# Hands-on: Question Answering by Querying Planning Analytics Data

## Overview

This Jupyter Notebook provides an example of how to:

1. Develop a Question Answering application that can answer user's question based on Planning Analytics data.

2. Construct a One-Shot Prompt and pass the prompt to Large Language Model (LLM) to generate MDX statement based on user's question.

3. Construct another Prompt and pass the retrieved tabular dataset to Large Language Model (LLM) to generate answer based on the PA data.

In [None]:
# Install library
%pip install TM1py

In [None]:
# Import libraries
import json
import os
import random
import requests
from TM1py.Services import TM1Service
from TM1py.Exceptions import TM1pyException
from TM1py.Utils.Utils import build_pandas_dataframe_from_cellset
from TM1py.Utils.Utils import build_cellset_from_pandas_dataframe

from ibm_cloud_sdk_core.authenticators import IAMAuthenticator

# WML python SDK
from ibm_watson_machine_learning.foundation_models import Model
from ibm_watson_machine_learning.metanames import GenTextParamsMetaNames as GenParams
from ibm_watson_machine_learning.foundation_models.utils.enums import ModelTypes, DecodingMethods

from TM1py.Services import TM1Service
from TM1py.Exceptions import TM1pyException

## 1. Setup Connection to Planning Analytics

To get connected to Planning Analytics server, you need these informations:
- address
- port
- user
- password
- namespace

Your connection is successful when you see the *Server Name* and *Product Version* information.

In [None]:
# Set up connection to Planning Analytics server
try:
    with TM1Service(
        address="<YOUR PA SERVER ADDRESS HERE>",
        port=<YOUR PA PORT NUMBER HERE>,
        ssl=False,
        user="pm",
        password="IBMDem0s",
        namespace="Harmony LDAP"
    ) as tm1:
        print("Server Name:", tm1.server.get_server_name())
        print("Product Version:",tm1.server.get_product_version())

# Error Handling        
except TM1pyException as e:
    if e.status_code == 401:
        print('Wrong credentials')
    elif e.status_code == 404:
        print('Wrong connection')
    else:
        print('Something else went wrong. Check error code:', str(e))

## 2. User's Question

User's question in natural language.

In [None]:
# User's question
question = "How many units of product 21002 did we sell in year 1 in organization 102 through channel 10?"

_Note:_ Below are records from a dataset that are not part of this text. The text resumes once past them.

lemma finite_ballot_lists:
  assumes "a \<noteq> b"
  shows "finite (ballot_lists a b p q)"
proof (rule finite_subset)
  show "ballot_lists a b p q \<subseteq> {w. set w \<subseteq> {a, b} \<and> length w = p + q}"
  proof
    fix w assume w: "w \<in> ballot_lists a b p q"
    then have "length w = p + q"
      by (rule ballot_lists_length[OF assms])
    with w show "w \<in> {w. set w \<subseteq> {a, b} \<and> length w = p + q}"
      by (simp add: ballot_lists_def)
  qed
qed (simp add: finite_lists_length_eq)

lemma ballot_lists_eq_empty: "p < q \<Longrightarrow> ballot_lists a b p q = {}"
proof (intro equals0I)
  fix w assume "w \<in> ballot_lists a b p q" "p < q"
  then show False
    unfolding ballot_lists_def by (auto dest!: spec[of _ "length w"])
qed

lemma ballot_lists_0: "a \<noteq> b \<Longrightarrow> ballot_lists a b p 0 = {replicate p a}"
proof (intro set_eqI iffI)
  fix w assume "w \<in> ballot_lists a b p 0"
  then have "\<forall>y\<in>set w. y = a" "count_list w a = p"
    unfolding ballot_lists_def by (auto simp: count_list_0_iff)
  then show "w \<in> {replicate p a}"
    using replicate_length_same[of w a] by (simp add: count_list_eq_length_filter filter_id_conv)
qed (auto simp: ballot_lists_def take_replicate count_list_eq_length_filter)

lemma ballot_lists_Suc_Suc:
  assumes "a \<noteq> b" "q \<le> p"
  shows "ballot_lists a b (Suc p) (Suc q) =
           (\<lambda>w. w @ [a]) ` ballot_lists a b p (Suc q) \<union> (\<lambda>w. w @ [b]) ` ballot_lists a b (Suc p) q"
proof (intro set_eqI iffI)
  fix w assume w: "w \<in> ballot_lists a b (Suc p) (Suc q)"
  then have "w \<noteq> []" by (auto simp: ballot_lists_def)
  then obtain v x where "w = v @ [x]" by (metis rev_exhaust)
  with w assms(1)
  show "w \<in> (\<lambda>w. w @ [a]) ` ballot_lists a b p (Suc q) \<union> (\<lambda>w. w @ [b]) ` ballot_lists a b (Suc p) q"
    by (auto simp: ballot_lists_def all_take_snoc_iff[where P = "\<lambda>u. count_list u b \<le> count_list u a"]
        simp del: take_append)
next
  fix w assume "w \<in> (\<lambda>w. w @ [a]) ` ballot_lists a b p (Suc q) \<union> (\<lambda>w. w @ [b]) ` ballot_lists a b (Suc p) q"
  with assms show "w \<in> ballot_lists a b (Suc p) (Suc q)"
    by (elim UnE imageE; simp add: ballot_lists_def
        all_take_snoc_iff[where P = "\<lambda>u. count_list u b \<le> count_list u a"] del: take_append)
qed

text \<open>The reflection-principle count \<open>C(p+q, p) - C(p+q, p+1)\<close>, stated additively to
  avoid truncated subtraction.\<close>
lemma card_ballot_lists:
  assumes "a \<noteq> b" "q \<le> Suc p"
  shows "card (ballot_lists a b p q) + (p + q choose Suc p) = p + q choose p"
  using assms(2)
proof (induction "p + q" arbitrary: p q rule: less_induct)
  case less
  consider "q = 0" | "q = Suc p" | p' q' where "p = Suc p'" "q = Suc q'" "q' \<le> p'"
    using less.prems by (cases p; cases q) (auto simp: le_Suc_eq)
  then show ?case
  proof cases
    case 1
    then show ?thesis using assms(1) by (simp add: ballot_lists_0)
  next
    case 2
    then show ?thesis
      using binomial_symmetric[of p "p + q"] by (simp add: ballot_lists_eq_empty)
  next
    case 3
    have IH: "card (ballot_lists a b p' (Suc q')) + (p' + Suc q' choose Suc p') = p' + Suc q' choose p'"
             "card (ballot_lists a b (Suc p') q') + (Suc p' + q' choose Suc (Suc p')) = Suc p' + q' choose Suc p'"
      using 3 by (intro less.hyps; simp)+
    have "card (ballot_lists a b p q) =
            card (ballot_lists a b p' (Suc q')) + card (ballot_lists a b (Suc p') q')"
      unfolding 3 ballot_lists_Suc_Suc[OF assms(1) 3(3)]
      by (subst card_Un_disjoint) (auto simp: card_image inj_on_def finite_ballot_lists assms(1))
    with IH show ?thesis
      unfolding 3 by simp \<comment> \<open>Pascal's rule for both binomials\<close>
  qed
qed

lemma sum_list_step_vec_fst:
  "(\<Sum>s\<leftarrow>v. fst (step_vec s)) =
     int (count_list v E) - int (count_list v W) + int (count_list v NE) - int (count_list v SW)"
proof (induction v)
  case (Cons s v)
  then show ?case by (cases s) auto
qed simp

lemma sum_list_step_vec_snd:
  "(\<Sum>s\<leftarrow>v. snd (step_vec s)) = int (count_list v NE) - int (count_list v SW)"
proof (induction v)
  case (Cons s v)
  then show ?case by (cases s) auto
qed simp

lemma length_eq_step_counts:
  "length v = count_list v E + count_list v W + count_list v NE + count_list v SW"
proof (induction v)
  case (Cons s v)
  then show ?case by (cases s) auto
qed simp

lemma pos_eq_counts:
  "pos w k =
     (int (count_list (take k w) E) - int (count_list (take k w) W)
        + int (count_list (take k w) NE) - int (count_list (take k w) SW),
      int (count_list (take k w) NE) - int (count_list (take k w) SW))"
  unfolding pos_def sum_list_step_vec_fst sum_list_step_vec_snd ..

lemma quadrant_walk_length:
  assumes "quadrant_walk w n1 n2"
  shows "length w = n1 + 2 * (count_list w W + count_list w SW)"
    and "length w + n1 = 2 * n2 + 2 * (count_list w E + count_list w SW)"
proof -
  from assms have "pos w (length w) = (int n1, int n2)"
    unfolding quadrant_walk_def by blast
  then have "int n1 = int (count_list w E) - int (count_list w W)
                        + int (count_list w NE) - int (count_list w SW)"
    and "int n2 = int (count_list w NE) - int (count_list w SW)"
    unfolding pos_eq_counts by simp_all
  with length_eq_step_counts[of w]
  show "length w = n1 + 2 * (count_list w W + count_list w SW)"
    and "length w + n1 = 2 * n2 + 2 * (count_list w E + count_list w SW)"
    by simp_all
qed

lemma pos_E_NE:
  assumes "set w \<subseteq> {E, NE}"
  shows "pos w k = (int (min k (length w)), int (count_list (take k w) NE))"
proof -
  have "set (take k w) \<subseteq> {E, NE}"
    using assms set_take_subset by fastforce
  then have "W \<notin> set (take k w)" "SW \<notin> set (take k w)"
    and "min k (length w) = count_list (take k w) E + count_list (take k w) NE"
    using length_eq_count_list_two[of E NE "take k w"] by auto
  then show ?thesis
    by (simp add: pos_eq_counts)
qed

lemma pos_W_NE:
  assumes "set w \<subseteq> {W, NE}"
  shows "pos w k =
           (int (count_list (take k w) NE) - int (count_list (take k w) W), int (count_list (take k w) NE))"
proof -
  have "set (take k w) \<subseteq> {W, NE}"
    using assms set_take_subset by fastforce
  then have "E \<notin> set (take k w)" "SW \<notin> set (take k w)"
    by auto
  then show ?thesis
    by (simp add: pos_eq_counts)
qed

lemma set_subset_if_count_list_0:
  "(\<And>x. x \<notin> A \<Longrightarrow> count_list w x = 0) \<Longrightarrow> set w \<subseteq> A"
  by (auto simp: count_list_0_iff)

## 3. Configuring watsonx.ai

The following section defines the input to the Large Language Model (LLM).
Provides the credential for watsonx.ai as indicated below

1. `watsonx_project_id`: The watsonx.ai **Project ID** provided in watsonx.ai project -> Manage -> Project ID
2. `api_key`: The **API Key** provided in IBM Cloud -> Manage -> API Key

In [None]:
project_id = os.environ["PROJECT_ID"]

In [None]:
# URL of the hosted LLMs is hardcoded because at this time all LLMs share the same endpoint
url = "https://us-south.ml.cloud.ibm.com"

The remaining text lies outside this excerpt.